Conclusion: Disease-specific queries are a relatively simple method to foster patient identification across the rare-disease spectrum. Such methods are even more important for disorders such as APDS where an approved, pathway-specific treatment is available in the US.

Introduction

Activated PI3Kδ syndrome (APDS) is an inborn error of immunity (IEI) with a heterogenous clinical presentation with signs of both immune deficiency and immune dysregulation (13). Hallmarks of immune deficiency include recurrent sinopulmonary infections and susceptibility to herpesvirus viremia, while dysregulation may manifest as atopy, lymphadenopathy, organomegaly, and autoimmunity (2, 4, 5). The proximate cause of increased risk of lymphoma in APDS is debated, but both deficiency and dysregulation could be implicated (6).

The complex array of symptoms frequently drives a patient to seek care from several types of clinicians. Uncoordinated care, misdiagnoses, status as a rare disease, range of severity of symptoms, unavailability of genetic testing, and other factors may contribute to the 7-year median diagnostic delay (7, 8). APDS is a progressive illness; therefore, like many IEIs, this diagnostic odyssey may increase healthcare utilization, lead to permanent organ damage such as bronchiectasis, and result in other poor outcomes (4, 7, 911).

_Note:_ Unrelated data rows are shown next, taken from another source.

lemma ch_Aut_block_form:
  assumes m: "1 \<le> m" and A: "A \<in> ch_Aut (Suc m)"
  shows "\<exists>u M a v lam. A = ch_block (Suc m) u M a v lam \<and>
    M \<in> carrier_mat (2*m) (2*m) \<and> invertible_mat M \<and>
    transpose_mat M * Jm m * M = lam \<cdot>\<^sub>m Jm m \<and> v \<in> carrier_vec (2*m) \<and> lam \<noteq> 0 \<and>
    u = (1/(2*lam)) \<cdot>\<^sub>v (M *\<^sub>v (Jm m *\<^sub>v v))"
proof -
  have Ac: "A \<in> carrier_mat (2*m+2) (2*m+2)" using A unfolding ch_Aut_def by simp
  define u where "u = ch_mid m (col A 0)"
  define M where "M = mat (2*m) (2*m) (\<lambda>(i,j). A $$ (Suc i, Suc j))"
  define v where "v = vec (2*m) (\<lambda>j. A $$ (2*m+1, Suc j))"
  define a where "a = A $$ (2*m+1, 0)"
  define lam where "lam = A $$ (2*m+1, 2*m+1)"
  have Mc: "M \<in> carrier_mat (2*m) (2*m)" and vc: "v \<in> carrier_vec (2*m)" and uc: "u \<in> carrier_vec (2*m)"
    unfolding M_def v_def u_def by simp_all
  have lam: "lam \<noteq> 0" unfolding lam_def by (rule ch_Aut_corners(1)[OF m A])
  have S: "transpose_mat M * Jm m * M = lam \<cdot>\<^sub>m Jm m"
    unfolding M_def lam_def by (rule ch_Aut_mid_block(1)[OF m A])
  have "transpose_mat (Jm m * M) *\<^sub>v u = (1/2) \<cdot>\<^sub>v v"
    unfolding M_def u_def v_def by (rule ch_Aut_mid_block(2)[OF m A])
  then have u: "u = (1/(2*lam)) \<cdot>\<^sub>v (M *\<^sub>v (Jm m *\<^sub>v v))"
    using conformal_symplectic_transpose_mult_vec_iff[OF Mc S lam uc vc] by simp
  have "A = ch_block (Suc m) u M a v lam"
  proof (rule eq_matI)
    fix i j assume "i < dim_row (ch_block (Suc m) u M a v lam)" "j < dim_col (ch_block (Suc m) u M a v lam)"
    then have i: "i < 2*m+2" and j: "j < 2*m+2" using ch_block_carrier[of m u M a v lam] by simp_all
    have midW: "c < 2*m \<Longrightarrow> A $$ (Suc c, 2*m+1) = 0" for c
      using arg_cong[OF ch_Aut_first_row_last_col(3)[OF m A], of "\<lambda>w. w $ c"] Ac by simp
    show "A $$ (i, j) = ch_block (Suc m) u M a v lam $$ (i, j)"
      unfolding ch_block_index[OF i j]
      by (cases rule: ch_index_cases[OF i]; cases rule: ch_index_cases[OF j])
        (use ch_Aut_corners(2)[OF m A] ch_Aut_first_row_last_col(1,2)[OF m A] midW Ac
          in \<open>simp_all add: u_def M_def v_def a_def lam_def\<close>)
  qed (use Ac ch_block_carrier[of m u M a v lam] in simp_all)
  then show ?thesis
    using Mc conformal_symplectic_invertible[OF Mc S lam] S vc lam u by blast
qed

theorem lemma2p1:
  fixes n :: nat
  assumes "n \<ge> 2"
  shows "ch_Aut n =
    {ch_block n u M a v lam | u M a v lam.
       M \<in> carrier_mat (2*n-2) (2*n-2) \<and> invertible_mat M \<and>
       transpose_mat M * Jm (n-1) * M = lam \<cdot>\<^sub>m Jm (n-1) \<and>
       v \<in> carrier_vec (2*n-2) \<and> lam \<noteq> 0 \<and>
       u = (1 / (2*lam)) \<cdot>\<^sub>v (M *\<^sub>v (Jm (n-1) *\<^sub>v v))}"
proof -
  obtain m where n: "n = Suc m" and m: "1 \<le> m" using assms by (cases n) auto
  have dims: "2*n-2 = 2*m" "n-1 = m" using n by simp_all
  show ?thesis unfolding dims unfolding n
    using ch_Aut_block_form[OF m] ch_block_in_ch_Aut by blast
qed
section \<open>Moebius inversion over intervals\<close>

definition is_moebius_inverse ::
    "nat \<Rightarrow> (nat \<times> nat \<Rightarrow> nat \<times> nat \<Rightarrow> int) \<Rightarrow> (nat \<times> nat \<Rightarrow> nat \<times> nat \<Rightarrow> int) \<Rightarrow> bool" where
  "is_moebius_inverse n Z m \<longleftrightarrow> (\<forall>x y. (x, y) \<notin> intervals n \<longrightarrow> m x y = 0) \<and>
      (\<forall>(z, w)\<in>intervals n. Z z w = (\<Sum>(x, y)\<in>{(x, y)\<in>intervals n. pleq x z \<and> pleq y w}. m x y))"

lemma is_moebius_inverseD:
  assumes "is_moebius_inverse n Z m" "(z, w) \<in> intervals n"
  shows "Z z w = (\<Sum>(x, y)\<in>{(x, y)\<in>intervals n. pleq x z \<and> pleq y w}. m x y)"
proof -
  have "\<forall>(z, w)\<in>intervals n. Z z w = (\<Sum>(x, y)\<in>{(x, y)\<in>intervals n. pleq x z \<and> pleq y w}. m x y)"
    using assms(1) unfolding is_moebius_inverse_def by blast
  from bspec[OF this assms(2)] show ?thesis
    by simp
qed

definition strictly_below :: "nat \<Rightarrow> nat \<times> nat \<Rightarrow> nat \<times> nat \<Rightarrow> ((nat \<times> nat) \<times> (nat \<times> nat)) set" where
  "strictly_below n z w = {(x, y)\<in>intervals n. pleq x z \<and> pleq y w \<and> (x, y) \<noteq> (z, w)}"

lemma finite_intervals: "finite (intervals n)"
proof (rule finite_subset)
  show "intervals n \<subseteq> ({..n} \<times> {..n}) \<times> ({..n} \<times> {..n})"
    unfolding intervals_def grid_def by auto
qed simp

lemma finite_strictly_below: "finite (strictly_below n z w)"
  unfolding strictly_below_def by (rule finite_subset[OF _ finite_intervals]) auto

lemma sum_down_set_eq:
  assumes "(z, w) \<in> intervals n"
  shows "(\<Sum>(x, y)\<in>{(x, y)\<in>intervals n. pleq x z \<and> pleq y w}. m x y)
    = m z w + (\<Sum>p\<in>strictly_below n z w. m (fst p) (snd p))"
proof -
  have "{(x, y)\<in>intervals n. pleq x z \<and> pleq y w} = insert (z, w) (strictly_below n z w)"
    using assms unfolding strictly_below_def pleq_def by auto
  moreover have "(z, w) \<notin> strictly_below n z w"
    unfolding strictly_below_def by simp
  ultimately show ?thesis
    using finite_strictly_below by (simp add: case_prod_beta)
qed

function moebius_inverse :: "nat \<Rightarrow> (nat \<times> nat \<Rightarrow> nat \<times> nat \<Rightarrow> int) \<Rightarrow> nat \<times> nat \<Rightarrow> nat \<times> nat \<Rightarrow> int" where
  "moebius_inverse n Z z w = (if (z, w) \<in> intervals n
     then Z z w - (\<Sum>p\<in>strictly_below n z w. moebius_inverse n Z (fst p) (snd p)) else 0)"
  by auto
termination
proof (relation "measure (\<lambda>(n, Z, z, w). fst z + snd z + fst w + snd w)")
  fix n Z z w p
  assume p: "p \<in> strictly_below n z w"
  obtain x1 x2 y1 y2 where "p = ((x1, x2), (y1, y2))"
    by (metis prod.collapse)
  moreover obtain z1 z2 w1 w2 where "z = (z1, z2)" "w = (w1, w2)"
    by (metis prod.collapse)
  ultimately show "((n, Z, fst p, snd p), (n, Z, z, w)) \<in> measure (\<lambda>(n, Z, z, w). fst z + snd z + fst w + snd w)"
    using p unfolding strictly_below_def pleq_def by auto
qed simp

declare moebius_inverse.simps [simp del]

lemma is_moebius_inverse_moebius_inverse: "is_moebius_inverse n Z (moebius_inverse n Z)"
  unfolding is_moebius_inverse_def
proof (intro conjI allI impI ballI)
  fix x y assume "(x, y) \<notin> intervals n"
  then show "moebius_inverse n Z x y = 0"
    by (simp add: moebius_inverse.simps)
next
  fix p assume "p \<in> intervals n"
  moreover obtain z w where p: "p = (z, w)"
    by (cases p)
  ultimately have "Z z w = (\<Sum>(x, y)\<in>{(x, y)\<in>intervals n. pleq x z \<and> pleq y w}. moebius_inverse n Z x y)"
    by (simp add: sum_down_set_eq moebius_inverse.simps[of n Z z w])
  then show "case p of (z, w) \<Rightarrow> Z z w
      = (\<Sum>(x, y)\<in>{(x, y)\<in>intervals n. pleq x z \<and> pleq y w}. moebius_inverse n Z x y)"
    using p by simp
qed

Organizations such as the National Organization for Rare Disorders and Jeffrey Modell Foundation have led robust educational initiatives focused on rare diseases and IEIs specifically (1214). Despite these and other efforts, diagnostic rates of IEIs remain stable apart from extreme presentations in infants (11, 15). The growing fields of bioinformatics and artificial intelligence investigate and provide methods to search electronic health records (EHRs) to weave together the patient encounters distributed throughout a hospital system (1618). We sought to demonstrate that querying EHR systems to aggregate the disparate signs into a risk score could help identify patients with APDS.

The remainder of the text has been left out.